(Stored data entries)
• • • •

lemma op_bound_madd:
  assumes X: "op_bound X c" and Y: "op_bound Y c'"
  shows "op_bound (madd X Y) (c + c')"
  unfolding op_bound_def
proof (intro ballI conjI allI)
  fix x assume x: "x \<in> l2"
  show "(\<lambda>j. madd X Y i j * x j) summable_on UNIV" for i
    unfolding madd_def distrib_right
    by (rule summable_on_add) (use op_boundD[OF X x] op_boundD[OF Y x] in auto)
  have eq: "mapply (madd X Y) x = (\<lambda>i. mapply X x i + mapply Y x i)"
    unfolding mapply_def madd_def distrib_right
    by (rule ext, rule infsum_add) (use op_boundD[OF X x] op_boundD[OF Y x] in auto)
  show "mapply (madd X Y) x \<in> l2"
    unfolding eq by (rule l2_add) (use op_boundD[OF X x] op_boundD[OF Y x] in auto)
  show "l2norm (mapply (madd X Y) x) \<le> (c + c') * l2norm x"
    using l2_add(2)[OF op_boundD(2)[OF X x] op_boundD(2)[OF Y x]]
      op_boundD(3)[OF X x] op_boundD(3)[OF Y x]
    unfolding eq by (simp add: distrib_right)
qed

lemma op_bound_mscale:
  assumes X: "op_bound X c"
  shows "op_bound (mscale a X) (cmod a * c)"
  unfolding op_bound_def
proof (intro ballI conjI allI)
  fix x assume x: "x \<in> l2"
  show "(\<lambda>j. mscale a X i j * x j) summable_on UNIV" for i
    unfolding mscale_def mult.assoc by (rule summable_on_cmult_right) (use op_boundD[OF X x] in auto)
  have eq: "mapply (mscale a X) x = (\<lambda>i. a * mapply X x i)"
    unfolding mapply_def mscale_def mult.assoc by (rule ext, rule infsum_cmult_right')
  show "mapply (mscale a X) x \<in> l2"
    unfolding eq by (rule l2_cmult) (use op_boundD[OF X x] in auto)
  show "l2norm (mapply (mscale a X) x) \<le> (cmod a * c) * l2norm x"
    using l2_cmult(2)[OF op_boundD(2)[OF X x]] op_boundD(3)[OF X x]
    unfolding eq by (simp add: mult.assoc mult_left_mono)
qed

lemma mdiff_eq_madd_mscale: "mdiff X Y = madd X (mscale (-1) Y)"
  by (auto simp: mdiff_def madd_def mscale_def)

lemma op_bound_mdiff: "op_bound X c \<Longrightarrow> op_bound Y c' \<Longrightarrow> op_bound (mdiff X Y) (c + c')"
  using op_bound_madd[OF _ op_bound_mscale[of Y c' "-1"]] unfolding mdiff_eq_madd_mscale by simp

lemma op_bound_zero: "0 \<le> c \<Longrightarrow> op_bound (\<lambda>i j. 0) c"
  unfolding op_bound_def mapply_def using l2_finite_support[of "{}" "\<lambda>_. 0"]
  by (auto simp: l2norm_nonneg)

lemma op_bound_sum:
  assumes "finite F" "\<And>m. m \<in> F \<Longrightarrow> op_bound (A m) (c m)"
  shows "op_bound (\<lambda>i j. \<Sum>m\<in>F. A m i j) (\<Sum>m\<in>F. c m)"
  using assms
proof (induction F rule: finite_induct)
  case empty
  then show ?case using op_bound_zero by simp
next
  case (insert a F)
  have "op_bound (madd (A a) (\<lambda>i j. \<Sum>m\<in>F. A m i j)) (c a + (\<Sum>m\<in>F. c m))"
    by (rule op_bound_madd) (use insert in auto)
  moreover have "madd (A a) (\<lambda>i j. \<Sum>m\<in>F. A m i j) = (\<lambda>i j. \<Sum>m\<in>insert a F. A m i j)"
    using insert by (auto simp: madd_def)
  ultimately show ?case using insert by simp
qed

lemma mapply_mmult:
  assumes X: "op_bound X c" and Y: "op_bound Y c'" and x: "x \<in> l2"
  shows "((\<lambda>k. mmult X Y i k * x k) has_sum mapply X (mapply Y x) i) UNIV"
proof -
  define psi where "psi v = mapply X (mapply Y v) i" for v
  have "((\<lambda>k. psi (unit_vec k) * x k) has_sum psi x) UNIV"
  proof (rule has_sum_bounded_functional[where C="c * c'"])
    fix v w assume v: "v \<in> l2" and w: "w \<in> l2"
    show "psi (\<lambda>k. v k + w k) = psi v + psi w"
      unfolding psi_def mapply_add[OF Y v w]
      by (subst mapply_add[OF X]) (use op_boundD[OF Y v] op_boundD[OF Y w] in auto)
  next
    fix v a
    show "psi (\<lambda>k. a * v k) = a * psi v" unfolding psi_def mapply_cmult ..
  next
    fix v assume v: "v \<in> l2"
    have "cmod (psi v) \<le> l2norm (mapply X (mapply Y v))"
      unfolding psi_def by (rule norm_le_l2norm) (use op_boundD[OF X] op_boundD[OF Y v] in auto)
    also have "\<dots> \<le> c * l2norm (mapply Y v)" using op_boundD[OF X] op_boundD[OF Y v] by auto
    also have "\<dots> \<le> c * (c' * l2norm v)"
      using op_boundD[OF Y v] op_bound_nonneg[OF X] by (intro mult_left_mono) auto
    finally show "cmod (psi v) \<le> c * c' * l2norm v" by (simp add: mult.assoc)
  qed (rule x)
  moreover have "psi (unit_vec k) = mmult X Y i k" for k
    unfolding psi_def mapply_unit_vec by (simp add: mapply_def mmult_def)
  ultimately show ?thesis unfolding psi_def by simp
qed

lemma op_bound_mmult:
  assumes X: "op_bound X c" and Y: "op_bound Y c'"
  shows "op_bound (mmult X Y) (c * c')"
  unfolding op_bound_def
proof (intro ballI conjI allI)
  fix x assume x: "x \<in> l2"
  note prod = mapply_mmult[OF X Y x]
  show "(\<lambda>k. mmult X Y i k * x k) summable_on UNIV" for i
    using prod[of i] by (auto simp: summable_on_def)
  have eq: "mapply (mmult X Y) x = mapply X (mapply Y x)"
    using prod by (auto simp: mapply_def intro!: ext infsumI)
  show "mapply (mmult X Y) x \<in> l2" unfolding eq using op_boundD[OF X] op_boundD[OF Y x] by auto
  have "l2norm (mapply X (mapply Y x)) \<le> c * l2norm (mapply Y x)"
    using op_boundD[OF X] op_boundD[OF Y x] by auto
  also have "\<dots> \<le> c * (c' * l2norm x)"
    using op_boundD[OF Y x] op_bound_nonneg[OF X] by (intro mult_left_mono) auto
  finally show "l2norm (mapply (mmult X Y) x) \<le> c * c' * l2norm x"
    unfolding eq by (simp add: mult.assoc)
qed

• • • •

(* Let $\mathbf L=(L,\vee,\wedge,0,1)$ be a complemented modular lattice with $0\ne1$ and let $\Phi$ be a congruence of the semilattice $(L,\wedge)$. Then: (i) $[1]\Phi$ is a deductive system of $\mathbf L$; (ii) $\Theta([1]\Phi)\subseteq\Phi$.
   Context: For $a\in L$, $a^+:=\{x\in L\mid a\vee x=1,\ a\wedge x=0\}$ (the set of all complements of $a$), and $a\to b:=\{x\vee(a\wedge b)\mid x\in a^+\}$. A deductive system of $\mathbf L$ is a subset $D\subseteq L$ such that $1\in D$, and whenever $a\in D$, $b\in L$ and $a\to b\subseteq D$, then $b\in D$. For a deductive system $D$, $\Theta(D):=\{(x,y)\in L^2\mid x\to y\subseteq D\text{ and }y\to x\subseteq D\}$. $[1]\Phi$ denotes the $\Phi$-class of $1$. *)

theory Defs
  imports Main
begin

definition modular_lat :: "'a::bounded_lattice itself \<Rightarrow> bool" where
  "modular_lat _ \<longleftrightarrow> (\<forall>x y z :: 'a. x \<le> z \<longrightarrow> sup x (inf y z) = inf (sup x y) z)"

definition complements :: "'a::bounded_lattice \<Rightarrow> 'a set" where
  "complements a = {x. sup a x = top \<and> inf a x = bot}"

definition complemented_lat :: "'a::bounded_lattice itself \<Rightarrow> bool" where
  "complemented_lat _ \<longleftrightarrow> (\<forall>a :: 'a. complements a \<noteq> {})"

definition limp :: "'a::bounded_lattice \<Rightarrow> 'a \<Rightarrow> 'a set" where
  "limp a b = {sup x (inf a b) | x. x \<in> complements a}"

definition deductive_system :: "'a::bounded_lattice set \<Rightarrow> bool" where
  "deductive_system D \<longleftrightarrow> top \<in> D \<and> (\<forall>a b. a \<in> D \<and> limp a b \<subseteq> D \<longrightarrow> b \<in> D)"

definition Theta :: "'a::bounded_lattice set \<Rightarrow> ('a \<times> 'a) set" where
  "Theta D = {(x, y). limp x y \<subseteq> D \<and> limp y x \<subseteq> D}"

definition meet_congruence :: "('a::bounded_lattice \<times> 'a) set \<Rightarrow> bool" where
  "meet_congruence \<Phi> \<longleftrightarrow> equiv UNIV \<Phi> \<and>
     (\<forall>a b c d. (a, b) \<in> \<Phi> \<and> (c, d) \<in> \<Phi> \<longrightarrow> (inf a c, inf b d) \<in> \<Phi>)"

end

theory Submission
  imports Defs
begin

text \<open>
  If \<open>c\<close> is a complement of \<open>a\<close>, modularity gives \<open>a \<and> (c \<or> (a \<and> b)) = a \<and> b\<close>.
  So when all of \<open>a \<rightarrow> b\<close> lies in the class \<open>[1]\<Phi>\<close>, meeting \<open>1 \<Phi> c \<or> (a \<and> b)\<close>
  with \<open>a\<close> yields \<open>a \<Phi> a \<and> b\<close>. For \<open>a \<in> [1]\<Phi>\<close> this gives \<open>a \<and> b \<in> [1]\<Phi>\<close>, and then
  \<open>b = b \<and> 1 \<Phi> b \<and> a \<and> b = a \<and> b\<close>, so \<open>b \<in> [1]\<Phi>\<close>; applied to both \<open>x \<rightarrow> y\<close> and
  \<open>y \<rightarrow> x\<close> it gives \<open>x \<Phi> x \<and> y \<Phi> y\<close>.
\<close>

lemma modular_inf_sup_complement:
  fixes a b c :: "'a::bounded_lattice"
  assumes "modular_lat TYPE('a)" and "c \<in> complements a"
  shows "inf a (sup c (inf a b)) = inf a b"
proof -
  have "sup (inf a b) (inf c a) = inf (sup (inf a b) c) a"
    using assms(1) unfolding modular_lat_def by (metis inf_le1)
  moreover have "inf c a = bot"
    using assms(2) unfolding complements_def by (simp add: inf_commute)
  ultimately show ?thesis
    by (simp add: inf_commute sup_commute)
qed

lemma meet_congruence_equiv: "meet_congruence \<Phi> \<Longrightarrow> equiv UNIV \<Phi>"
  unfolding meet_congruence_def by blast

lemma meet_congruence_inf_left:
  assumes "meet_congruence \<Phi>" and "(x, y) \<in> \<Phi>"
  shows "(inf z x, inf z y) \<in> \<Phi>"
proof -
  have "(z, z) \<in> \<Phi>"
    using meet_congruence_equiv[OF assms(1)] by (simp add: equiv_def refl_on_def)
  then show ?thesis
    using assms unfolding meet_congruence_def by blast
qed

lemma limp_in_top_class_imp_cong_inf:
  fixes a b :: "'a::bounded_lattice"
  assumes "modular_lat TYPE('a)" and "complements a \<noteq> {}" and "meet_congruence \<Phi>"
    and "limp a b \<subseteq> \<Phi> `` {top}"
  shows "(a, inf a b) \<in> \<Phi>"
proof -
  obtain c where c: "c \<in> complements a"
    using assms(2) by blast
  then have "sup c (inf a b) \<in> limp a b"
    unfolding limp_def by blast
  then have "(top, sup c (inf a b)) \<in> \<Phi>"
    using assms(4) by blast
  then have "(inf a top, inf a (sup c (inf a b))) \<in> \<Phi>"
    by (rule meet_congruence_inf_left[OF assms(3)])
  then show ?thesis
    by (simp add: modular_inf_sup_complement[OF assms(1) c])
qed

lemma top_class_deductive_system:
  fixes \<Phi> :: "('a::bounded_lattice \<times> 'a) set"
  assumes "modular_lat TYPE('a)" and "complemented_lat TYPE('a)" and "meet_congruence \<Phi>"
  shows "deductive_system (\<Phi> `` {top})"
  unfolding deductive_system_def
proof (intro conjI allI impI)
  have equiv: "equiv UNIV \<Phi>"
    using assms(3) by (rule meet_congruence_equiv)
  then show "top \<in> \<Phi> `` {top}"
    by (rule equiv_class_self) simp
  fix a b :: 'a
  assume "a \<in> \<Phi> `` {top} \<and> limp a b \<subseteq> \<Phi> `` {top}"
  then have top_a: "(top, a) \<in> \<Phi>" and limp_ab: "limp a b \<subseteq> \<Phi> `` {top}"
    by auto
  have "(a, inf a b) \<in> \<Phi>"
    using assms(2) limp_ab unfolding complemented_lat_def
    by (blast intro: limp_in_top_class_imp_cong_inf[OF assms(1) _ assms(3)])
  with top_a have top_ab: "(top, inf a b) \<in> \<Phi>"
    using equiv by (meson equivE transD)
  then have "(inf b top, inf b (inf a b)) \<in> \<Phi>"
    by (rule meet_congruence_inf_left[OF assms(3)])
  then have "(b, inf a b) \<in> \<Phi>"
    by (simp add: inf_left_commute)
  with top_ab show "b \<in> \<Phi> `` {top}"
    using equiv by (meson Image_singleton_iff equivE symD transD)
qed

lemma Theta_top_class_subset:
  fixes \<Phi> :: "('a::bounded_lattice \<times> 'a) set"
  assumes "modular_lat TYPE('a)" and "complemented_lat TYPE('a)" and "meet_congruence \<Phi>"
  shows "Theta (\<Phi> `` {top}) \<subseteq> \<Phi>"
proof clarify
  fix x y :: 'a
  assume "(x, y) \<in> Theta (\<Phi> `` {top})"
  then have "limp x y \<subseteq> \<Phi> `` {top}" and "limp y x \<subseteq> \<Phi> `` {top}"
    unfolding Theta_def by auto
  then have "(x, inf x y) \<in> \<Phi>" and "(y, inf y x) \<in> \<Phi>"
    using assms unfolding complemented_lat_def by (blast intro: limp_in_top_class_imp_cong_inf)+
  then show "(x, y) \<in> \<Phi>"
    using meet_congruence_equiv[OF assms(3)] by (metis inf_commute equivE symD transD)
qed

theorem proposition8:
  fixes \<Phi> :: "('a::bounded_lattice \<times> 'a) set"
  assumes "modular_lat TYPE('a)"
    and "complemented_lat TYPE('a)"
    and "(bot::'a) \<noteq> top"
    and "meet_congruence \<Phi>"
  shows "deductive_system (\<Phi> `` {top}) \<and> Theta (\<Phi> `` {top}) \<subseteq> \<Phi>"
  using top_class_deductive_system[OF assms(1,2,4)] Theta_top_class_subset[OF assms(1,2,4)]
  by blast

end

• • • •

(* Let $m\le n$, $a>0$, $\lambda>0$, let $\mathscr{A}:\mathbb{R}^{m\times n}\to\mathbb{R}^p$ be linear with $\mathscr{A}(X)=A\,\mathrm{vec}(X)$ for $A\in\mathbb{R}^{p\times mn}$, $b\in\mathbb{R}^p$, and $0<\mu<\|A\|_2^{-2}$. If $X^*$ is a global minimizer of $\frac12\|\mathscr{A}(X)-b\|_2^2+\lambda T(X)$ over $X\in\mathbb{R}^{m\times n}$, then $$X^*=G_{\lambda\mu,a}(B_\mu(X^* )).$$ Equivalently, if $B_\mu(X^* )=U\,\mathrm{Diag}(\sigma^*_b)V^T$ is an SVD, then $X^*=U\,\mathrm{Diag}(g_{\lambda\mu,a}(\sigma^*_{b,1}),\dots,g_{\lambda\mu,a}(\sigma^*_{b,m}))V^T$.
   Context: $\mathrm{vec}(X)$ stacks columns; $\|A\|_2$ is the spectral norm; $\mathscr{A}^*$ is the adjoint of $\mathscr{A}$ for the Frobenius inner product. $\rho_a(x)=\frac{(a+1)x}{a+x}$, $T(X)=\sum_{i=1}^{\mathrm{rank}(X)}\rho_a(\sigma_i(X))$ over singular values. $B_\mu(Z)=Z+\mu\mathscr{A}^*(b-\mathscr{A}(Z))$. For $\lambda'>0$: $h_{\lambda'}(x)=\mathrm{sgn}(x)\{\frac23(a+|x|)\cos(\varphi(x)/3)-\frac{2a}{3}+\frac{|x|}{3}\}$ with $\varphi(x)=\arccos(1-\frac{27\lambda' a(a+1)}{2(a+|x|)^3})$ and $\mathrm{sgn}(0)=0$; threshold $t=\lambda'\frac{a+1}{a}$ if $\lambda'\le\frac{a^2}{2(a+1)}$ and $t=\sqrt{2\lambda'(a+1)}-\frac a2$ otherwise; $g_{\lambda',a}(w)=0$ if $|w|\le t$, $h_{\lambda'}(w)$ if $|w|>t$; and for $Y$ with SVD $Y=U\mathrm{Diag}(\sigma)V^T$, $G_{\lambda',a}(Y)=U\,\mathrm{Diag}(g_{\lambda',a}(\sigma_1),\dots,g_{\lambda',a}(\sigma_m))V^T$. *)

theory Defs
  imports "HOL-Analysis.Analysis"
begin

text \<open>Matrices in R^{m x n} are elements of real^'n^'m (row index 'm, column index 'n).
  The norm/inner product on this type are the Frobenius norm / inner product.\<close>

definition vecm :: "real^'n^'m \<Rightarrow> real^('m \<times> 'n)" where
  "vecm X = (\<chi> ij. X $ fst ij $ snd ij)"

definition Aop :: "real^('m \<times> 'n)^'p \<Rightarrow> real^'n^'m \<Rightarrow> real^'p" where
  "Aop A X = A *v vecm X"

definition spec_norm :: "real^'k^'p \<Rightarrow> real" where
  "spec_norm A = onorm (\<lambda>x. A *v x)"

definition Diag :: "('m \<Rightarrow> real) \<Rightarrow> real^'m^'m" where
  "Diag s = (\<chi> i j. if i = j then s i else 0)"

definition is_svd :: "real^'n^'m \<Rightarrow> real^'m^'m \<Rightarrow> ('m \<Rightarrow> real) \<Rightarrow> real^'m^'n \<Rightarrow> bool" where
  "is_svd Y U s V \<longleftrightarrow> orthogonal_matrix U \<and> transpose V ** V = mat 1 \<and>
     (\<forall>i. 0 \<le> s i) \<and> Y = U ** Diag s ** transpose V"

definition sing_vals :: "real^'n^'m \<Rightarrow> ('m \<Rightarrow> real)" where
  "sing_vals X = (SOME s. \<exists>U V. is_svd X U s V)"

• • • •

• _WHAT YOU WILL DO_:
Where the word "assoc" appears in a line of the entries, copy that line.

• _EXERCISE RESULT_:
    unfolding mscale_def mult.assoc by (rule summable_on_cmult_right) (use op_boundD[OF X x] in auto)
    unfolding mapply_def mscale_def mult.assoc by (rule ext, rule infsum_cmult_right')
    unfolding eq by (simp add: mult.assoc mult_left_mono)
    finally show "cmod (psi v) \<le> c * c' * l2norm v" by (simp add: mult.assoc)
    unfolding eq by (simp add: mult.assoc)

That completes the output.